Die Themen wurden bereits in der ersten Runde der Wortspenden zu "kulturpolitischen Visionen" rasch abgesteckt: Die NEOS, vertreten durch Henrike Brandstötter, wünschen sich "transparente Kulturförderung". Brandstötter, die den verhinderten Kultursprecher Sepp Schellhorn ersetzte, brachte eine von Experten geleitete Bundeskulturstiftung ins Spiel, die langfristige Förderungen vergeben, Ankäufe tätigen und Auslandskulturarbeit leisten soll. Thomas Drozda, ehemaliger Kulturminister und nunmehr Kultursprecher der SPÖ, kritisierte das "geistig-kulturelle Klima in den vergangenen 18 Monaten" und wetterte gegen eine "Orbanisierung" der österreichischen Politik. Den inhaltlichen Fokus legte er auf die Verbesserung der sozialen Lage der Kulturschaffenden, die Valorisierung von Subventionen und eine anstehende Museumsreform. In eine ähnliche Kerbe schlug auch Eva Blimlinger als Kultursprecherin der Grünen. Darüber hinaus will sie das Bundesdenkmalamt (BDA) künftig als weisungsfreie Behörde sehen und regte ein Konjunkturpaket zur Renovierung von Kulturinstitutionen sowie Neubauten an ("ähnlich, wie es Reinhold Mitterlehner für die Universitäten gemacht hat").
Theatermacher Airan Berg (Liste JETZT) forderte "Allianzen gegen die Orbanisierung oder Sebastianisierung der Gesellschaft" und plädierte für eine Anhebung des Kulturbudgets von derzeit 0,6 Prozent auf 1 Prozent des BIP. Gefördert werden sollen "mehr alternative, innovative Initiativen", zudem forderte er "mehr Diversität, Teilhabe und Inklusion auch in Leitungsfunktionen" sowie einen "Abbau von Barrieren". Berg ersetzt den scheidenden Kultursprecher Wolfgang Zinggl, der nicht mehr bei der Nationalratswahl antritt. Maria Großbauer, Kultursprecherin der ÖVP, lobte "Österreich als Kulturland" und versicherte, dass "österreichische Kultur ganz, ganz wichtig" sei. So sei eines ihrer Anliegen "mehr Kunst und Kultur in der Bildung". Der Mangel an Musikunterricht an Volksschulen könne "große Auswirkungen haben, und in zwei Generrationen sind wir dann keine Kulturnation mehr". Dabei gehe es nicht nur um die Ausbildung von künftigen Künstlern, sondern auch das"Publikum der Zukunft".

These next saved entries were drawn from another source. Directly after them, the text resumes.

lemma r_in_D: "r \<in> D"
  and bij_alpha: "bij_betw \<alpha> D D" and bij_sigma: "bij_betw \<sigma> D D"
  and alpha_alpha: "\<And>d. d \<in> D \<Longrightarrow> \<alpha> (\<alpha> d) = d"
  and tail_eq_iff: "\<And>d e. d \<in> D \<Longrightarrow> e \<in> D \<Longrightarrow> tail d = tail e \<longleftrightarrow> e \<in> orb \<sigma> d"
  and connected: "\<And>d e. d \<in> D \<Longrightarrow> e \<in> D \<Longrightarrow>
         (d, e) \<in> ({(x, \<alpha> x) | x. x \<in> D} \<union> {(x, \<sigma> x) | x. x \<in> D})\<^sup>*"
  and proper_colouring: "\<And>d. d \<in> D \<Longrightarrow> black (tail d) \<noteq> black (head \<alpha> tail d)"
  and card_face: "\<And>d. d \<in> D \<Longrightarrow> card (orb \<phi> d) = 4"
  using quadrangulation unfolding quadrangulation_def plane_map_def by auto

lemma lab_binary: "\<And>d. d \<in> D \<Longrightarrow> lab d \<in> {0, 1}"
  and edge_labels: "\<And>d d' e'. d \<in> D \<Longrightarrow> d' \<in> D \<Longrightarrow> e' \<in> D \<Longrightarrow>
         rho \<alpha> \<sigma> d' = d \<Longrightarrow> rho \<alpha> \<sigma> e' = \<alpha> d \<Longrightarrow> (lab d' = lab d) \<noteq> (lab e' = lab (\<alpha> d))"
  and bounded_face_labels: "\<And>d. d \<in> D \<Longrightarrow> d \<notin> orb \<phi> r \<Longrightarrow>
         \<exists>e \<in> orb \<phi> d. lab e = 0 \<and> lab (\<phi> e) = 0 \<and> lab ((\<phi> ^^ 2) e) = 1 \<and> lab ((\<phi> ^^ 3) e) = 1"
  and outer_face_labels: "\<exists>z \<in> orb \<phi> r. head \<alpha> tail z = s0 \<and>
         lab z = 0 \<and> lab ((\<phi> ^^ 3) z) = 0 \<and> lab ((\<phi> ^^ 2) z) = 1 \<and> lab (\<phi> z) = 1"
  and black_s0: "black s0"
  using strong_labeling unfolding strong_labeling_def by auto

lemma bij_phi: "bij_betw \<phi> D D"
  using bij_betw_trans[OF bij_alpha bij_sigma] by (simp add: phi_def[abs_def] comp_def)

lemma phi_in_D: "d \<in> D \<Longrightarrow> \<phi> d \<in> D"
  using bij_betw_apply[OF bij_phi] .

lemma funpow_phi_in_D: "d \<in> D \<Longrightarrow> (\<phi> ^^ n) d \<in> D"
  using bij_betw_apply[OF bij_betw_funpow[OF bij_phi]] .

lemma alpha_in_D: "d \<in> D \<Longrightarrow> \<alpha> d \<in> D"
  using bij_betw_apply[OF bij_alpha] .

lemma funpow_phi_4: "d \<in> D \<Longrightarrow> (\<phi> ^^ 4) d = d"
  using funpow_card_orb_eq[OF bij_phi, of d] card_face[of d] by (simp add: card_ge_0_finite)

lemma phi_funpow_phi_3: "d \<in> D \<Longrightarrow> \<phi> ((\<phi> ^^ 3) d) = d"
  using funpow_phi_4 by (simp add: numeral_eq_Suc)

lemma face_eq: "d \<in> D \<Longrightarrow> e \<in> orb \<phi> d \<Longrightarrow> orb \<phi> e = orb \<phi> d"
  using orb_eq_if_funpow_eq[OF funpow_phi_4] by simp

lemma tail_phi:
  assumes d: "d \<in> D"
  shows "tail (\<phi> d) = head \<alpha> tail d"
proof -
  have "\<sigma> (\<alpha> d) \<in> orb \<sigma> (\<alpha> d)" using funpow_in_orb[where n = 1] by simp
  then have "tail (\<alpha> d) = tail (\<sigma> (\<alpha> d))"
    using tail_eq_iff[OF alpha_in_D[OF d] bij_betw_apply[OF bij_sigma alpha_in_D[OF d]]] by simp
  then show ?thesis by (simp add: phi_def head_def)
qed

lemma black_head_phi: "d \<in> D \<Longrightarrow> black (head \<alpha> tail (\<phi> d)) \<longleftrightarrow> \<not> black (head \<alpha> tail d)"
  using proper_colouring[OF phi_in_D] tail_phi by auto

lemma face_labels_aabb:
  assumes d: "d \<in> D"
  obtains u where "u \<in> D" "d \<in> orb \<phi> u"
    and "lab u = lab (\<phi> u)" "lab (\<phi> u) \<noteq> lab (\<phi> (\<phi> u))"
    and "lab (\<phi> (\<phi> u)) = lab (\<phi> (\<phi> (\<phi> u)))" "lab (\<phi> (\<phi> (\<phi> u))) \<noteq> lab u"
proof (cases "d \<in> orb \<phi> r")
  case True
  obtain z where z: "z \<in> orb \<phi> r" "lab z = 0" "lab (\<phi> z) = 1"
      "lab (\<phi> (\<phi> z)) = 1" "lab (\<phi> (\<phi> (\<phi> z))) = 0"
    using outer_face_labels by (auto simp: numeral_eq_Suc)
  have z_in_D: "z \<in> D" using z(1) funpow_phi_in_D[OF r_in_D] unfolding orb_def by blast
  have "orb \<phi> (\<phi> z) = orb \<phi> r"
    using face_eq[OF r_in_D z(1)] face_eq[OF z_in_D funpow_in_orb[where n = 1]] by simp
  then have "d \<in> orb \<phi> (\<phi> z)" using True by simp
  moreover have "\<phi> (\<phi> (\<phi> (\<phi> z))) = z" using funpow_phi_4[OF z_in_D] by (simp add: numeral_eq_Suc)
  ultimately show thesis using that[OF phi_in_D[OF z_in_D]] z by simp
next
  case False
  then obtain e where e: "e \<in> orb \<phi> d" "lab e = 0" "lab (\<phi> e) = 0"
      "lab (\<phi> (\<phi> e)) = 1" "lab (\<phi> (\<phi> (\<phi> e))) = 1"
    using bounded_face_labels[OF d] by (auto simp: numeral_eq_Suc)
  have "e \<in> D" using e(1) funpow_phi_in_D[OF d] unfolding orb_def by blast
  moreover have "d \<in> orb \<phi> e" using face_eq[OF d e(1)] funpow_in_orb[where n = 0] by fastforce
  ultimately show thesis using that e by simp
qed

lemma label_changes_alternate:
  assumes "d \<in> D"
  shows "lab d \<noteq> lab (\<phi> d) \<longleftrightarrow> lab (\<phi> d) = lab (\<phi> (\<phi> d))"
proof -
  obtain u where "u \<in> D" "d \<in> orb \<phi> u"
    and "lab u = lab (\<phi> u)" "lab (\<phi> u) \<noteq> lab (\<phi> (\<phi> u))"
    and "lab (\<phi> (\<phi> u)) = lab (\<phi> (\<phi> (\<phi> u)))" "lab (\<phi> (\<phi> (\<phi> u))) \<noteq> lab u"
    using face_labels_aabb[OF assms] .
  then show ?thesis using changes_alternate_on_4cycle[OF funpow_phi_4] by blast
qed

definition change_iff_black :: "'d \<Rightarrow> bool" where
  "change_iff_black d \<longleftrightarrow> (lab d \<noteq> lab (\<phi> d) \<longleftrightarrow> black (head \<alpha> tail d))"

Diskussion über die soziale Lage
In weiterer Folge verlagerte sich die Diskussion nach einem Input von Vertreterinnen des Kulturrats vor allem auf die soziale Lage von Künstlern und Kulturschaffenden, die eine von Drozda in Auftrag gegebene Studie zuletzt sehr düster zeichnete. Dieser schlug als eine gezielte Maßnahme vor, die Auszahlung von Förderungen an die Einhaltung von Mindeststandards in Bezug auf die soziale Absicherung der teilnehmenden Künstler zu binden, die im jetzigen System allzu oft Probleme mit Versicherungszeiten haben. Den Zugang zur Künstlersozialversicherung müsse man "erleichtern", es brauche "mehr Durchlässigkeit zwischen selbstständiger und unselbstständiger Arbeit". Airan Berg forderte mehrmals ein "langfristig zu schaffendes bedingungsloses Grundeinkommen" sowie eine Mindestpension von 1.200 Euro. Er könne sich auch Kollektivverträge im Bereich der Freien Szene vorstellen.
Brandstötter von den NEOS sah die Lösung in der Anpassung der Kulturförderung und der Regeln des Künstlersozialversicherungsfonds (KSVF) an die "volatile Arbeitswelt", Blimlinger kritisierte in Hinblick auf den KSVF, "dass Österreich das einzige Land ist, wo die Sozialversicherung und die Finanz bestimmen, wer ein Künstler ist". Eine Valorisierung von Subventionen hält sie vor allem im Bereich "der Kleinen" für notwendig, bei denen damit angefangen werden müsse. Großbauer konterte: "Die Großen bestehen ja auch aus vielen Kleinen", was im Publikum für einiges Schmunzeln sorgte. "Harmonie wird überschätzt", konstatierte Blimlinger. "Diskussion, davon lebt die Welt!"